American painter, art collector, and art historian

James Whitney Fosburgh (August 1, 1910 – April 23, 1978) was an American painter, art collector, and art historian. In addition to lecturing and writing about art, he served as Chairman of the Special Committee for White House Paintings under both President John F. Kennedy and President Lyndon B. Johnson. Fosburgh and his wife, Mary ("Minnie") Cushing, were prominent art collectors in New York City.

== Early life ==
James Whitney Fosburgh was born in New York on August 1, 1910. He was the son of James Boies Alleyne Fosburgh (1879–1926) and Leila Whitney (d. 1913). After his mother's death in 1913, his father married his mother's younger sister, Eleanor Newton Whitney (1887–1930). His father, who was from Buffalo, New York, was also a Yale graduate.

He graduated from Yale University in 1933, and afterwards completed a Master's thesis on the journals of Thomas Sully, receiving his M.A. from Yale University in 1935. In 1955, he joined the governing board of the Yale Art Gallery, later the Yale University Art Gallery.

== Career ==
During World War II, Fosburgh enlisted as a glider pilot and served with the 101st Airborne Division.

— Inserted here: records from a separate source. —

(* In the setting of the context, with step sizes $\alpha_k=\frac{a}{b+k}$ where $a>0$, $b>1$ and $\frac ab\le\frac1{2M\tilde L}$, for every $n\ge0$ and $0\le k\le n$, $$B_k\le\frac{a^2M\tilde Lc(A)\sigma_{\max}^2}{b+k-1}\Big(\frac{b+k+1}{b+n+1}\Big)^{a\sigma_{\min}^2}.$$
   Context: Standing setting: $M\ge N$, $A\in\mathbb{R}^{M\times N}$ of full column rank with rows $a_1,\dots,a_M$; singular values $\sigma_1\ge\dots\ge\sigma_N>0$, $\sigma_{\max}=\sigma_1$, $\sigma_{\min}=\sigma_N$, $c(A)=\sigma_{\max}^2/\sigma_{\min}^2$, $\tilde L=\max_i\|a_i\|^2$. Fix $\ell\in\{1,\dots,N\}$. For $\alpha>0$ put $A(\alpha)=1-2\alpha\sigma_\ell^2$, $B(\alpha)=\alpha^2M\tilde Lc(A)\sigma_{\max}^2$, $p(\alpha)=1-\alpha\sigma_{\min}^2$. For fixed $n$ and $0\le k\le n$: $B_k=\sum_{j=k}^n\Big(\prod_{i=j+1}^nA(\alpha_i)\Big)B(\alpha_j)\Big(\prod_{i=k}^{j-1}p(\alpha_i)\Big)$ (empty products equal $1$). (The scalars $a,b$ in the step size are unrelated to the rows $a_i$.) *)

theory Defs
  imports Complex_Main "Jordan_Normal_Form.Matrix"
begin

definition is_singular_values :: "real mat \<Rightarrow> nat \<Rightarrow> nat \<Rightarrow> (nat \<Rightarrow> real) \<Rightarrow> bool" where
  "is_singular_values A M N sig \<longleftrightarrow>
     (\<forall>i j. 1 \<le> i \<longrightarrow> i \<le> j \<longrightarrow> j \<le> N \<longrightarrow> sig j \<le> sig i) \<and>
     (\<forall>i. 1 \<le> i \<longrightarrow> i \<le> N \<longrightarrow> 0 \<le> sig i) \<and>
     (\<exists>U V. U \<in> carrier_mat M M \<and> V \<in> carrier_mat N N \<and>
        transpose_mat U * U = 1\<^sub>m M \<and> transpose_mat V * V = 1\<^sub>m N \<and>
        A = U * mat M N (\<lambda>(i, j). if i = j then sig (i + 1) else 0) * transpose_mat V)"

definition full_column_rank :: "real mat \<Rightarrow> bool" where
  "full_column_rank A \<longleftrightarrow>
     (\<forall>x \<in> carrier_vec (dim_col A). A *\<^sub>v x = 0\<^sub>v (dim_row A) \<longrightarrow> x = 0\<^sub>v (dim_col A))"

definition max_row_sq :: "real mat \<Rightarrow> real" where
  "max_row_sq A = Max ((\<lambda>i. row A i \<bullet> row A i) ` {0..<dim_row A})"

definition Bsum :: "(nat \<Rightarrow> real) \<Rightarrow> (real \<Rightarrow> real) \<Rightarrow> (real \<Rightarrow> real) \<Rightarrow> (real \<Rightarrow> real)
                     \<Rightarrow> nat \<Rightarrow> nat \<Rightarrow> real" where
  "Bsum \<alpha> Af Bf pf n k =
     (\<Sum>j=k..n. (\<Prod>i=j+1..n. Af (\<alpha> i)) * Bf (\<alpha> j) * (\<Prod>i=k..<j. pf (\<alpha> i)))"

end

theory Submission
  imports Defs "HOL-Analysis.Convex"
begin

(* Since smax^2 <= M L (Cauchy-Schwarz on the rows of A), the step sizes satisfy
   2 alpha_i sigma_l^2 <= 1, so 0 <= A(alpha_i) <= p(alpha_i) = 1 - alpha_i smin^2, and the two
   products in the j-th term are at most exp (- smin^2 * (sum of alpha_i over k <= i <= n, i ~= j)).
   For alpha_i = a / (b + i) this sum is still at least a ln ((b+n+1) / (b+k+1)), so every term is
   at most alpha_j^2 ((b+k+1) / (b+n+1)) powr (a smin^2), uniformly in j; finally
   sum_{j >= k} 1 / (b+j)^2 <= 1 / (b+k-1) by telescoping. *)

lemma ln_diff_le_sum_inverse:
  fixes b :: real
  assumes b: "b > 0" and kj: "k \<le> j"
  shows "ln (b + real j) - ln (b + real k) \<le> (\<Sum>i=k..<j. 1 / (b + real i))"
  using kj
proof (induction j rule: dec_induct)
  case (step j)
  have "ln (b + real (Suc j)) - ln (b + real j) = ln ((b + real j + 1) / (b + real j))"
    using b by (simp add: ln_div add.assoc)
  also have "\<dots> \<le> (b + real j + 1) / (b + real j) - 1"
    using b by (intro ln_le_minus_one) auto
  also have "\<dots> = 1 / (b + real j)"
    using b by (simp add: field_simps)
  finally show ?case
    using step by simp
qed simp

lemma sum_inverse_square_le:
  fixes b :: real
  assumes b: "b > 1" and kn: "k \<le> n"
  shows "(\<Sum>j=k..n. 1 / (b + real j)\<^sup>2) \<le> 1 / (b + real k - 1) - 1 / (b + real n)"
  using kn
proof (induction n rule: dec_induct)
  case base
  have "1 / (b + real k)\<^sup>2 \<le> 1 / ((b + real k - 1) * (b + real k))"
    using b by (intro divide_left_mono) (auto simp: power2_eq_square)
  also have "\<dots> = 1 / (b + real k - 1) - 1 / (b + real k)"
    using b by (simp add: field_simps)
  finally show ?case by simp
next
  case (step n)
  have "1 / (b + real (Suc n))\<^sup>2 \<le> 1 / ((b + real n) * (b + real (Suc n)))"
    using b by (intro divide_left_mono) (auto simp: power2_eq_square)
  also have "\<dots> = 1 / (b + real n) - 1 / (b + real (Suc n))"
    using b by (simp add: field_simps)
  finally show ?case
    using step by (simp add: sum.cl_ivl_Suc)
qed

lemma prod_one_minus_le_exp_neg_sum:
  fixes x :: "'a \<Rightarrow> real"
  assumes "\<And>i. i \<in> I \<Longrightarrow> x i \<le> 1"
  shows "(\<Prod>i\<in>I. 1 - x i) \<le> exp (- (\<Sum>i\<in>I. x i))"
proof -
  have "(\<Prod>i\<in>I. 1 - x i) \<le> (\<Prod>i\<in>I. exp (- x i))"
    using assms by (intro prod_mono) (auto simp: exp_ge_add_one_self[of "- x _", simplified])
  also have "\<dots> = exp (- (\<Sum>i\<in>I. x i))"
    by (cases "finite I") (simp_all add: exp_sum[symmetric] sum_negf)
  finally show ?thesis .
qed

lemma harmonic_steps_prod_le_powr:
  fixes a b m :: real and k j n :: nat
  assumes a: "a \<ge> 0" and b: "b > 0" and m: "m \<ge> 0" and am: "a * m \<le> b"
    and kj: "k \<le> j" and jn: "j \<le> n"
  shows "(\<Prod>i=j+1..n. 1 - a / (b + real i) * m) * (\<Prod>i=k..<j. 1 - a / (b + real i) * m)
         \<le> ((b + real k + 1) / (b + real n + 1)) powr (a * m)"
proof -
  define x where "x i = a / (b + real i) * m" for i
  define h where "h I = (\<Sum>i\<in>I. 1 / (b + real i))" for I
  have x_le_1: "x i \<le> 1" for i
  proof -
    have "x i = a * m / (b + real i)" unfolding x_def by simp
    also have "\<dots> \<le> a * m / b" using a m b by (intro divide_left_mono) auto
    also have "\<dots> \<le> 1" using am b by simp
    finally show ?thesis .
  qed
  have prod_le: "(\<Prod>i\<in>I. 1 - x i) \<le> exp (- (a * m * h I))" for I
  proof -
    have "(\<Sum>i\<in>I. x i) = a * m * h I"
      unfolding x_def h_def sum_distrib_left by (rule sum.cong) auto
    then show ?thesis
      using prod_one_minus_le_exp_neg_sum[of I x] x_le_1 by simp
  qed
  (* The index j missing from both sums is paid for by shifting b to b + 1 in the logarithms. *)
  have "ln (b + 1 + real n) - ln (b + 1 + real j) \<le> (\<Sum>i=j..<n. 1 / (b + 1 + real i))"
    using b jn by (intro ln_diff_le_sum_inverse) auto
  also have "\<dots> = (\<Sum>i=Suc j..<Suc n. 1 / (b + real i))"
    unfolding sum.shift_bounds_Suc_ivl by (simp add: add.commute add.left_commute)
  also have "\<dots> = h {j+1..n}"
    unfolding h_def by (simp add: atLeastLessThanSuc_atLeastAtMost)
  finally have upper: "ln (b + 1 + real n) - ln (b + 1 + real j) \<le> h {j+1..n}" .
  have "ln (b + 1 + real j) - ln (b + 1 + real k) \<le> (\<Sum>i=k..<j. 1 / (b + 1 + real i))"
    using b kj by (intro ln_diff_le_sum_inverse) auto
  also have "\<dots> \<le> h {k..<j}"
    unfolding h_def using b by (intro sum_mono divide_left_mono) auto
  finally have lower: "ln (b + 1 + real j) - ln (b + 1 + real k) \<le> h {k..<j}" .
  have "(\<Prod>i=j+1..n. 1 - x i) * (\<Prod>i=k..<j. 1 - x i)
      \<le> exp (- (a * m * h {j+1..n})) * exp (- (a * m * h {k..<j}))"
    using x_le_1 by (intro mult_mono prod_le prod_nonneg) auto
  also have "\<dots> = exp (- (a * m) * (h {j+1..n} + h {k..<j}))"
    by (simp add: exp_add[symmetric] algebra_simps)
  also have "\<dots> \<le> exp (- (a * m) * (ln (b + 1 + real n) - ln (b + 1 + real k)))"
    using upper lower a m by (intro exp_mono mult_left_mono_neg) auto
  also have "\<dots> = ((b + real k + 1) / (b + real n + 1)) powr (a * m)"
    using b by (simp add: powr_def ln_div algebra_simps)
  finally show ?thesis
    unfolding x_def .
qed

He later returned to New York and worked at The Frick Collection, first as a docent, from October 1935-June 1938, and later as lecturer, from October 1947-May 1954. During this time, he began to exhibit his artwork throughout the city. In the 1950s and 1960s, he participated in group and solo shows at Durlacher Bros. Gallery, Kennedy Galleries, and Coe Kerr Galleries.

=== White House ===
Throughout the Kennedy administration, First Lady Jacqueline Kennedy endeavored to restore the interiors of the White House and bring historical character to the space. Soon after her husband took office, Kennedy formed the Fine Arts Committee for the White House, naming Henry F. du Pont Chairman and serving herself as Honorary Chairman.

In November 1961, Jacqueline Kennedy and Henry F. du Pont established a Special Committee for White House Paintings, part of the Fine Arts Committee for the White House, and appointed Fosburgh head of the new group. Until that point, the expertise and interests of Fine Arts Committee members had been largely focused on antique furnishings, not pictures. Fosburgh's Committee was charged with expanding the White House collection of paintings, including portraits, landscapes, and still lifes, and replacing "certain non-historic paintings of past Presidents with those which were actually painted from life." Within two years, the Special Committee had acquired over 150 new works for the collection.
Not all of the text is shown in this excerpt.